◆ AIM OF THE EXERCISE: In the records below, find each line containing the word "close" and copy it.
╭─ MATERIAL SHOWN
(* Let $v^1,\dots,v^k$ be a basis of $\mathfrak h^*$, $G^{ab}=(v^a|v^b)$, and $(G_{ab})$ the inverse matrix of $(G^{ab})$. For a real root $\alpha=\sum_a\alpha_av^a$ define, for $a,b,c,d\in\{1,\dots,k\}$, $$X(\alpha)_{ab\,cd}=\tfrac12\alpha_a\alpha_b\alpha_c\alpha_d-\alpha_{(a}G_{b)(c}\alpha_{d)}+\tfrac14G_{a(c}G_{d)b},$$ where $\alpha_{(a}G_{b)(c}\alpha_{d)}:=\frac14(\alpha_aG_{bc}\alpha_d+\alpha_bG_{ac}\alpha_d+\alpha_aG_{bd}\alpha_c+\alpha_bG_{ad}\alpha_c)$ and $G_{a(c}G_{d)b}:=\frac12(G_{ac}G_{db}+G_{ad}G_{cb})$. Then for all real roots $\alpha,\beta$ with $(\alpha|\beta)=0$, $$\sum_{e,f,g,h=1}^k\big(X(\alpha)_{ab\,ef}G^{eg}G^{fh}X(\beta)_{gh\,cd}-X(\beta)_{ab\,ef}G^{eg}G^{fh}X(\alpha)_{gh\,cd}\big)=0$$ for all $a,b,c,d$, and for all real roots $\alpha,\beta$ with $(\alpha|\beta)=\mp1$, $$\sum_{e,f,g,h=1}^k\big(X(\alpha)_{ab\,ef}G^{eg}G^{fh}X(\beta)_{gh\,cd}+X(\beta)_{ab\,ef}G^{eg}G^{fh}X(\alpha)_{gh\,cd}\big)=\tfrac12X(\alpha\pm\beta)_{ab\,cd}.$$ In particular, with the Clifford algebra $\mathcal S$ and elements $\phi^{ab}_\gamma$ defined below and $\widehat J(\alpha_i):=\sum_{a,b,c,d=1}^k\sum_{\gamma,\delta=1}^lX(\alpha_i)_{ab\,cd}\Gamma(\alpha_i)_{\gamma\delta}\phi^{ab}_\gamma\phi^{cd}_\delta$, the assignment $X_i\mapsto\widehat J(\alpha_i)$ extends to a Lie algebra homomorphism $\mathfrak k\to(\mathcal S,[\cdot,\cdot])$, i.e. a finite-dimensional representation of $\mathfrak k$.
   Context: Let $A=(a_{ij})_{1\le i,j\le n}$ be a symmetrizable simply laced generalized Cartan matrix (off-diagonal entries $0$ or $-1$); the Dynkin diagram has an edge between $i\ne j$ iff $a_{ij}=-1$. Let $\mathfrak g$ be the split real Kac–Moody algebra of $A$ with Chevalley generators $e_i,f_i$, Cartan subalgebra $\mathfrak h$ (from a real realization), simple roots $\alpha_1,\dots,\alpha_n\in\mathfrak h^*$, real roots $\Delta^{\mathrm{re}}$, and let $(\cdot|\cdot)$ be the nondegenerate invariant symmetric bilinear form induced on $\mathfrak h^*$, with $(\alpha_i|\alpha_j)=a_{ij}$. Let $\mathfrak k$ be the fixed-point subalgebra of the Chevalley involution ($e_i\mapsto -f_i$, $f_i\mapsto-e_i$, $h\mapsto -h$), with Berman generators $X_i=e_i-f_i$; $\mathfrak k$ is presented by generators $X_1,\dots,X_n$ and relations $[X_i,[X_i,X_j]]=-X_j$ if $a_{ij}=-1$, $[X_i,X_j]=0$ if $a_{ij}=0$. A generalized spin representation is a representation $\rho$ of $\mathfrak k$ with $\rho(X_i)^2=-\frac14\mathrm{id}$. Fix a finite-dimensional real vector space $S$ with positive definite inner product $q_2$ and orthonormal basis $f_1,\dots,f_l$, and a generalized spin representation $\rho:\mathfrak k\to\mathrm{End}(S)$ whose values $\rho(X_i)$ are anti-symmetric real matrices in this basis (such exist, e.g. by realifying the generalized spin representations with compact image of Hainke–Köhl–Levy); put $\Gamma(\alpha_i):=2\rho(X_i)$. Let $W=\mathrm{Sym}^2(\mathfrak h^* )$ (symmetric tensors in $\mathfrak h^*\otimes\mathfrak h^*$) with the symmetric bilinear form $q_1$ obtained by restricting $(\cdot|\cdot)\otimes(\cdot|\cdot)$; let $q=q_1\otimes q_2$ on $W\otimes S$, and $\mathcal S$ the Clifford algebra of $W\otimes S$: the tensor algebra modulo the ideal generated by $w\otimes w-\frac12q(w,w)\cdot1$. Put $\phi^{ab}_\gamma:=\frac12(v^a\otimes v^b+v^b\otimes v^a)\otimes f_\gamma\in\mathcal S$. *)

theory Defs
  imports "HOL-Analysis.Analysis"
begin

text \<open>The dual Cartan subalgebra h* is identified with real^'k via the
coordinates with respect to the chosen basis v^1..v^k; thus a vector x has coordinates
x $ a (the alpha_a of the paper), and the invariant form is given by the Gram matrix
Gup = (G^{ab}) = ((v^a|v^b)).  Simple roots are indexed by the finite type 'n, the
orthonormal basis of S by the finite type 'l.\<close>

definition ip :: "real^'k^'k \<Rightarrow> real^'k \<Rightarrow> real^'k \<Rightarrow> real" where
  "ip Gup x y = (\<Sum>a\<in>UNIV. \<Sum>b\<in>UNIV. x $ a * Gup $ a $ b * y $ b)"

text \<open>Simple reflection s_i(lambda) = lambda - <lambda, alpha_i^vee> alpha_i; in the simply
laced case (alpha_i|alpha_i) = 2, so <lambda, alpha_i^vee> = (lambda|alpha_i).\<close>
definition sref :: "real^'k^'k \<Rightarrow> real^'k \<Rightarrow> real^'k \<Rightarrow> real^'k" where
  "sref Gup ai x = x - ip Gup x ai *\<^sub>R ai"

inductive real_root :: "real^'k^'k \<Rightarrow> ('n \<Rightarrow> real^'k) \<Rightarrow> real^'k \<Rightarrow> bool"
  for Gup :: "real^'k^'k" and alpha :: "'n \<Rightarrow> real^'k" where
  simple: "real_root Gup alpha (alpha i)"
| refl: "real_root Gup alpha x \<Longrightarrow> real_root Gup alpha (sref Gup (alpha i) x)"

definition Xt :: "real^'k^'k \<Rightarrow> real^'k \<Rightarrow> 'k \<Rightarrow> 'k \<Rightarrow> 'k \<Rightarrow> 'k \<Rightarrow> real" where
  "Xt Gup al a b c d =
     (let Gdn = matrix_inv Gup in
      1/2 * al$a * al$b * al$c * al$d
      - 1/4 * (al$a * Gdn$b$c * al$d + al$b * Gdn$a$c * al$d
               + al$a * Gdn$b$d * al$c + al$b * Gdn$a$d * al$c)
      + 1/4 * (1/2 * (Gdn$a$c * Gdn$d$b + Gdn$a$d * Gdn$c$b)))"

definition contr :: "real^'k^'k \<Rightarrow> ('k \<Rightarrow> 'k \<Rightarrow> 'k \<Rightarrow> 'k \<Rightarrow> real)
     \<Rightarrow> ('k \<Rightarrow> 'k \<Rightarrow> 'k \<Rightarrow> 'k \<Rightarrow> real) \<Rightarrow> 'k \<Rightarrow> 'k \<Rightarrow> 'k \<Rightarrow> 'k \<Rightarrow> real" where
  "contr Gup X Y a b c d =
     (\<Sum>e\<in>UNIV. \<Sum>f\<in>UNIV. \<Sum>g\<in>UNIV. \<Sum>h\<in>UNIV.
        X a b e f * Gup$e$g * Gup$f$h * Y g h c d)"

text \<open>q = q1 (x) q2 evaluated on the spanning elements phi^{ab}_gamma of W (x) S:
q1(sym(v^a v^b), sym(v^c v^d)) = 1/2 (G^{ac} G^{bd} + G^{ad} G^{bc}), q2(f_g, f_d) = delta.\<close>
definition qgen :: "real^'k^'k \<Rightarrow> 'k \<Rightarrow> 'k \<Rightarrow> 'l \<Rightarrow> 'k \<Rightarrow> 'k \<Rightarrow> 'l \<Rightarrow> real" where
  "qgen Gup a b g c d h =
     (if g = h then 1/2 * (Gup$a$c * Gup$b$d + Gup$a$d * Gup$b$c) else 0)"

definition comm :: "'A::ring \<Rightarrow> 'A \<Rightarrow> 'A" where
  "comm x y = x * y - y * x"

text \<open>Jhat(alpha_i) in an algebra receiving the Clifford generators phi^{ab}_gamma,
with Gamma(alpha_i) = 2 rho(X_i).\<close>
definition Jhat :: "real^'k^'k \<Rightarrow> real^'k \<Rightarrow> real^'l^'l \<Rightarrow> ('k \<Rightarrow> 'k \<Rightarrow> 'l \<Rightarrow> 'A::real_algebra_1) \<Rightarrow> 'A" where
  "Jhat Gup al rhoi phi =
     (\<Sum>a\<in>UNIV. \<Sum>b\<in>UNIV. \<Sum>c\<in>UNIV. \<Sum>d\<in>UNIV. \<Sum>g\<in>UNIV. \<Sum>h\<in>UNIV.
        (Xt Gup al a b c d * (2 * rhoi$g$h)) *\<^sub>R (phi a b g * phi c d h))"

end

theory Submission
  imports Defs
begin

(*
  X(alpha) is a linear combination of Kronecker products of the rank-one tensor alpha_a alpha_b
  and of the dual Gram matrix G_ab.  A contraction of two such products factorises into
  contractions of 2-tensors, which are evaluated by (alpha|beta) and by G^ab G_bc = delta_a^c;
  as real roots satisfy (alpha|alpha) = 2, the (anti)commutator identities for X(alpha), X(beta)
  become identities between polynomials in (alpha|beta).

  Jhat(alpha_i) is the quadratic Clifford element whose coefficient matrix X(alpha_i) (x)
  Gamma(alpha_i) on the generators phi^ab_gamma is antisymmetric.  The commutator of quadratic
  elements with coefficients M, N is quadratic with coefficient 2 (M q N - N q M), and for
  coefficients X (x) Gamma this is the contraction of the X's tensored with the product of the
  Gamma's.  Since Gamma(alpha_i)^2 = -1, the relations of rho turn the Berman relations for Jhat
  into the tensor identities: for a_ij = 0 the contractions commute, and for a_ij = -1 the double
  commutator is computed by applying the anticommutator identity to (alpha_i, alpha_j) and then
  to (alpha_i, alpha_i + alpha_j).
*)

section \<open>Finite sums and matrices\<close>

lemma sum_rotate3:
  "(\<Sum>a\<in>A. \<Sum>b\<in>B. \<Sum>c\<in>C. f a b c) = (\<Sum>c\<in>C. \<Sum>a\<in>A. \<Sum>b\<in>B. f a b c)"
  by (subst sum.swap) (intro sum.cong[OF HOL.refl] sum.swap)

lemma sum_swap_pairs:
  "(\<Sum>r\<in>A. \<Sum>s\<in>B. \<Sum>p\<in>C. \<Sum>q\<in>D. F r s p q) = (\<Sum>p\<in>C. \<Sum>q\<in>D. \<Sum>r\<in>A. \<Sum>s\<in>B. F r s p q)"
proof -
  have "(\<Sum>r\<in>A. \<Sum>s\<in>B. \<Sum>p\<in>C. \<Sum>q\<in>D. F r s p q) = (\<Sum>r\<in>A. \<Sum>p\<in>C. \<Sum>s\<in>B. \<Sum>q\<in>D. F r s p q)"
    by (rule sum.cong[OF HOL.refl], rule sum.swap)
  also have "\<dots> = (\<Sum>p\<in>C. \<Sum>r\<in>A. \<Sum>q\<in>D. \<Sum>s\<in>B. F r s p q)"
    by (subst sum.swap) (intro sum.cong[OF HOL.refl] sum.swap)
  also have "\<dots> = (\<Sum>p\<in>C. \<Sum>q\<in>D. \<Sum>r\<in>A. \<Sum>s\<in>B. F r s p q)"
    by (rule sum.cong[OF HOL.refl], rule sum.swap)
  finally show ?thesis .
qed

lemma sum_UNIV_triple:
  "(\<Sum>I\<in>(UNIV::('a::finite \<times> 'b::finite \<times> 'c::finite) set). f I)
   = (\<Sum>a\<in>UNIV. \<Sum>b\<in>UNIV. \<Sum>c\<in>UNIV. f (a, b, c))"
  by (simp add: sum.cartesian_product split_def flip: UNIV_Times_UNIV)

lemma sum4_product:
  fixes A B C D :: "'k \<Rightarrow> real" and G :: "'k \<Rightarrow> 'k \<Rightarrow> real"
  shows "(\<Sum>e\<in>UNIV. \<Sum>f\<in>UNIV. \<Sum>g\<in>UNIV. \<Sum>h\<in>UNIV. (A e * B f) * G e g * G f h * (C g * D h))
       = (\<Sum>e\<in>UNIV. \<Sum>g\<in>UNIV. A e * G e g * C g) * (\<Sum>f\<in>UNIV. \<Sum>h\<in>UNIV. B f * G f h * D h)"
proof -
  have "(\<Sum>e\<in>UNIV. \<Sum>g\<in>UNIV. A e * G e g * C g) * (\<Sum>f\<in>UNIV. \<Sum>h\<in>UNIV. B f * G f h * D h)
     = (\<Sum>e\<in>UNIV. \<Sum>g\<in>UNIV. \<Sum>f\<in>UNIV. \<Sum>h\<in>UNIV. (A e * G e g * C g) * (B f * G f h * D h))"
    unfolding sum_distrib_right by (simp add: sum_distrib_left)
  also have "\<dots> = (\<Sum>e\<in>UNIV. \<Sum>f\<in>UNIV. \<Sum>g\<in>UNIV. \<Sum>h\<in>UNIV. (A e * G e g * C g) * (B f * G f h * D h))"
    by (rule sum.cong[OF HOL.refl], rule sum.swap)
  finally show ?thesis by (simp add: mult_ac)
qed

lemma sym_matrix_entry:
  fixes G :: "'a^'n^'n"
  assumes "transpose G = G"
  shows "G $ b $ a = G $ a $ b"
  using arg_cong[OF assms, of "\<lambda>P. P $ a $ b"] by (simp add: transpose_def)

lemma antisym_matrix_entry:
  fixes R :: "'a::ab_group_add^'n^'n"
  assumes "transpose R = - R"
  shows "R $ b $ a = - R $ a $ b"
  using arg_cong[OF assms, of "\<lambda>P. P $ a $ b"] by (simp add: transpose_def)

lemma matrix_inv_right:
  fixes G :: "'a::semiring_1^'n^'m"
  assumes "invertible G"
  shows "G ** matrix_inv G = mat 1"
  using someI_ex[of "\<lambda>G'. G ** G' = mat 1 \<and> G' ** G = mat 1"] assms
  unfolding invertible_def matrix_inv_def by blast

lemma matrix_inv_left:
  fixes G :: "'a::semiring_1^'n^'m"
  assumes "invertible G"
  shows "matrix_inv G ** G = mat 1"
  using someI_ex[of "\<lambda>G'. G ** G' = mat 1 \<and> G' ** G = mat 1"] assms
  unfolding invertible_def matrix_inv_def by blast

lemma transpose_matrix_inv_sym:
  fixes G :: "'a::comm_semiring_1^'n^'n"
  assumes "invertible G" and "transpose G = G"
  shows "transpose (matrix_inv G) = matrix_inv G"
proof -
  have "transpose (matrix_inv G) ** G = mat 1"
    by (metis assms matrix_inv_right matrix_transpose_mul transpose_mat)
  then show ?thesis
    by (metis assms(1) matrix_inv_right matrix_mul_assoc matrix_mul_lid matrix_mul_rid)
qed

lemma matrix_inv_sym_entry:
  fixes G :: "'a::comm_semiring_1^'n^'n"
  assumes "invertible G" and "transpose G = G"
  shows "matrix_inv G $ a $ b = matrix_inv G $ b $ a"
  by (rule sym_matrix_entry[OF transpose_matrix_inv_sym[OF assms]])

lemma sum_matrix_inv_right:
  fixes G :: "'a::semiring_1^'n^'n"
  assumes "invertible G"
  shows "(\<Sum>g\<in>UNIV. G $ e $ g * matrix_inv G $ g $ c) = of_bool (e = c)"
  using arg_cong[OF matrix_inv_right[OF assms], of "\<lambda>P. P $ e $ c"]
  by (simp add: matrix_matrix_mult_def mat_def)

lemma sum_matrix_inv_left:
  fixes G :: "'a::semiring_1^'n^'n"
  assumes "invertible G"
  shows "(\<Sum>g\<in>UNIV. matrix_inv G $ e $ g * G $ g $ c) = of_bool (e = c)"
  using arg_cong[OF matrix_inv_left[OF assms], of "\<lambda>P. P $ e $ c"]
  by (simp add: matrix_matrix_mult_def mat_def)

lemma matrix_diff_ldistrib: "(A::'a::ring_1^'n^'m) ** (B - C) = A ** B - A ** C"
  by (simp add: matrix_matrix_mult_def vec_eq_iff algebra_simps sum_subtractf)

lemma matrix_diff_rdistrib: "((A::'a::ring_1^'n^'m) - B) ** C = A ** C - B ** C"
  by (simp add: matrix_matrix_mult_def vec_eq_iff algebra_simps sum_subtractf)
╰─
◆ EXPECTED ANSWER:
orthonormal basis of S by the finite type 'l.\<close>
laced case (alpha_i|alpha_i) = 2, so <lambda, alpha_i^vee> = (lambda|alpha_i).\<close>
q1(sym(v^a v^b), sym(v^c v^d)) = 1/2 (G^{ac} G^{bd} + G^{ad} G^{bc}), q2(f_g, f_d) = delta.\<close>
with Gamma(alpha_i) = 2 rho(X_i).\<close>
section \<open>Finite sums and matrices\<close>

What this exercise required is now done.